You are expected to read the material to be covered in each lecture before coming to the class. The lectures will not cover all the material listed in the schedule, and they are not designed to be a substitute for the text. The lectures will consist mainly of illustrating concepts with experiments and demonstrations, discussing any additional material omitted in the text, pointing out subtle points and common mistakes, and asking questions to find out and clarify misconceptions. The homework and exams will be based on materials covered in lectures as well as those listed in the schedule.

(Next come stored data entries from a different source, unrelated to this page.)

lemma exists_fixed_point_above_weight_floor:
  assumes "0 \<le> \<alpha>" "\<alpha> < 1" "1 \<le> \<Delta>" "\<forall>e\<in>E. card e = 2"
    and "\<forall>v. finite (inc_edges E v) \<and> card (inc_edges E v) \<le> \<Delta>"
  obtains \<mu> where "\<forall>e\<in>E. weight_floor \<alpha> \<Delta> \<le> \<mu> e \<and> \<mu> e = equilibrium_map \<alpha> E \<mu> e"
proof (cases "\<alpha> = 0")
  case True
  define \<mu> where "\<mu> e = (\<Sum>v\<in>e. 1 / real (card (inc_edges E v)))" for e
  have "\<forall>e\<in>E. \<mu> e = (\<Sum>v\<in>e. 1 / real (card (inc_edges E v)))"
    by (simp add: \<mu>_def)
  then have "\<forall>e\<in>E. weight_floor 0 \<Delta> \<le> \<mu> e \<and> \<mu> e = equilibrium_map 0 E \<mu> e"
    using exponent_zero_fixed_point[OF assms(4,5)] by blast
  then show thesis
    using that[of \<mu>] unfolding True by blast
next
  case False
  with assms(1) have "0 < \<alpha>"
    by simp
  then obtain \<mu> where box: "\<mu> \<in> weight_box (weight_floor \<alpha> \<Delta>)"
    and fixed: "\<forall>e\<in>E. \<mu> e = equilibrium_map \<alpha> E \<mu> e"
    using locally_finite_graph_fixed_point[OF _ assms(2-5)] by blast
  from box have "weight_floor \<alpha> \<Delta> \<le> \<mu> e" for e
    by (simp add: weight_box_def)
  then show thesis
    using that[of \<mu>] fixed by blast
qed

theorem mainTheorem2:
  fixes V :: "'a set" and E :: "'a set set" and \<alpha> :: real and \<Delta> :: nat
  assumes "0 \<le> \<alpha>" and "\<alpha> < 1"
    and "countable V"
    and "is_graph V E"
    and "degree_bounded V E \<Delta>"
  shows "\<exists>\<mu>. equilibrium \<alpha> E \<mu> \<and> non_vanishing E \<mu> \<and>
           (\<forall>e\<in>E. \<mu> e \<ge> 2 / (real \<Delta> powr (1 / (1 - \<alpha>))))"
proof (cases "E = {}")
  case True
  then show ?thesis
    by (simp add: equilibrium_def non_vanishing_def)
next
  case False
  have card2: "\<forall>e\<in>E. card e = 2"
    using assms(4) by (simp add: is_graph_def)
  have deg: "\<forall>v. finite (inc_edges E v) \<and> card (inc_edges E v) \<le> \<Delta>"
    using degree_bounded_everywhere[OF assms(4,5)] by blast
  from False card2 deg have "1 \<le> \<Delta>"
    by (rule one_le_degree_bound)
  then obtain \<mu> where \<mu>: "\<forall>e\<in>E. weight_floor \<alpha> \<Delta> \<le> \<mu> e \<and> \<mu> e = equilibrium_map \<alpha> E \<mu> e"
    using exists_fixed_point_above_weight_floor[OF assms(1,2) _ card2 deg] by blast
  moreover have "0 < weight_floor \<alpha> \<Delta>"
    using \<open>1 \<le> \<Delta>\<close> by (rule weight_floor_pos)
  ultimately have "\<forall>e\<in>E. 0 < \<mu> e \<and> \<mu> e = equilibrium_map \<alpha> E \<mu> e"
    using less_le_trans by blast
  then have "equilibrium \<alpha> E \<mu> \<and> non_vanishing E \<mu>"
    by (rule equilibrium_if_positive_fixed_point)
  with \<mu> show ?thesis
    unfolding weight_floor_def by blast
qed

end
definition graded_space :: "('k::field \<Rightarrow> 'v::ab_group_add \<Rightarrow> 'v) \<Rightarrow> ('g \<Rightarrow> 'v set) \<Rightarrow> bool" where
  "graded_space scale G \<longleftrightarrow>
     vector_space scale \<and>
     (\<forall>g. 0 \<in> G g \<and> (\<forall>x\<in>G g. \<forall>y\<in>G g. x + y \<in> G g) \<and> (\<forall>c. \<forall>x\<in>G g. scale c x \<in> G g)) \<and>
     (\<forall>x. \<exists>c. finite {g. c g \<noteq> 0} \<and> (\<forall>g. c g \<in> G g) \<and> x = (\<Sum>g\<in>{g. c g \<noteq> 0}. c g)) \<and>
     (\<forall>c S. finite S \<and> (\<forall>g. c g \<in> G g) \<and> (\<Sum>g\<in>S. c g) = 0 \<longrightarrow> (\<forall>g\<in>S. c g = 0))"

definition homogeneous :: "('g \<Rightarrow> 'v set) \<Rightarrow> 'v \<Rightarrow> bool" where
  "homogeneous G x \<longleftrightarrow> (\<exists>g. x \<in> G g)"

text \<open>Degree of a homogeneous element (for 0 an arbitrary degree containing it is chosen;
  every formula below is insensitive to that choice).\<close>
definition deg :: "('g \<Rightarrow> 'v set) \<Rightarrow> 'v \<Rightarrow> 'g" where
  "deg G x = (SOME g. x \<in> G g)"

definition even_linear :: "('k::field \<Rightarrow> 'v::ab_group_add \<Rightarrow> 'v) \<Rightarrow> ('g \<Rightarrow> 'v set) \<Rightarrow> ('v \<Rightarrow> 'v) \<Rightarrow> bool" where
  "even_linear scale G f \<longleftrightarrow> Vector_Spaces.linear scale scale f \<and> (\<forall>g x. x \<in> G g \<longrightarrow> f x \<in> G g)"

definition skew_bicharacter :: "('g::ab_group_add \<Rightarrow> 'g \<Rightarrow> 'k::field) \<Rightarrow> bool" where
  "skew_bicharacter eps \<longleftrightarrow>
     (\<forall>a b. eps a b \<noteq> 0) \<and>
     (\<forall>a b. eps a b * eps b a = 1) \<and>
     (\<forall>a b c. eps a (b + c) = eps a b * eps a c) \<and>
     (\<forall>a b c. eps (a + b) c = eps a c * eps b c)"

definition color_hom_lie_algebra ::
  "('k::field \<Rightarrow> 'a::ab_group_add \<Rightarrow> 'a) \<Rightarrow> ('g::ab_group_add \<Rightarrow> 'a set) \<Rightarrow>
   ('a \<Rightarrow> 'a \<Rightarrow> 'a) \<Rightarrow> ('g \<Rightarrow> 'g \<Rightarrow> 'k) \<Rightarrow> ('a \<Rightarrow> 'a) \<Rightarrow> bool" where
  "color_hom_lie_algebra sA GA br eps alpha \<longleftrightarrow>
     graded_space sA GA \<and> skew_bicharacter eps \<and> even_linear sA GA alpha \<and>
     (\<forall>x. Vector_Spaces.linear sA sA (br x)) \<and> (\<forall>y. Vector_Spaces.linear sA sA (\<lambda>x. br x y)) \<and>
     (\<forall>a b x y. x \<in> GA a \<longrightarrow> y \<in> GA b \<longrightarrow> br x y \<in> GA (a + b)) \<and>
     (\<forall>a b x y. x \<in> GA a \<longrightarrow> y \<in> GA b \<longrightarrow> br x y = - sA (eps a b) (br y x)) \<and>
     (\<forall>a b c x y z. x \<in> GA a \<longrightarrow> y \<in> GA b \<longrightarrow> z \<in> GA c \<longrightarrow>
        sA (eps c a) (br (alpha x) (br y z)) + sA (eps a b) (br (alpha y) (br z x))
        + sA (eps b c) (br (alpha z) (br x y)) = 0)"

definition multiplicative :: "('a \<Rightarrow> 'a \<Rightarrow> 'a) \<Rightarrow> ('a \<Rightarrow> 'a) \<Rightarrow> bool" where
  "multiplicative br alpha \<longleftrightarrow> (\<forall>x y. alpha (br x y) = br (alpha x) (alpha y))"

You are expected to attend classes regularly. You will benefit enormously if you read the scheduled sections from the text before coming to each lecture. Modern physics contains many concepts that are apparently quite counter-intuitive. Developing the necessary concepts and physical intuition does not happen in a 50 minute period, but rather over a longer period as you see, think about, and "repeat" a new concept. The lecture is only the third part of this process.
The course will cover a lot of novel material, and you should be prepared to invest a significant amount of time in it. The daily quizzes are not only important for grades, but they are also an integral part of the course and will allow you as well as the instructor to detect any gaps in your understanding of these novel concepts early. The goal of this course is to understand the concepts not simply to know which equation to plug in during the exams.

Working/studying with a group of classmates is a good method of assimilating a new concept and the related problem solving techniques, however, your homework sets are expected to be solely your own work. Copying homework solutions from classmates violates the university's academic honesty policy, and will not help you in answering the in-class quiz and exam questions.


You will need to register for HITT Clickers in order to be able to participate in daily quizzes. Please go to the following website and register immediately:
HITT registration website:
For any problems, contact John Mocko at mail

There will be daily quizzes, so please remember to bring your HITT clickers to each class. Occasionally, the clickers can fail to operate properly, or you may not be able to attend class on a given day. Consequently, 10% of the total number of quiz questions asked during the semester will be considered as `technical drops'. Thus, if 50 total questions are asked, you will be allowed to drop 5 of your lowest scoring responses.


All University of Florida students are required to abide by the University's Academic Honesty Guidelines and by the Honor Code, which reads as follows:
We, the members of the University of Florida community, pledge to hold ourselves and our peers to the highest standards of honesty and integrity.
On all work submitted for credit by students at the University of Florida, the following pledge is either required or implied: "On my honor, I have neither given nor received unauthorized aid in doing this assignment."

Cheating, plagiarism, or other violations of the Academic Honesty Guidelines will not be tolerated and will be pursued through the University's adjudication procedures.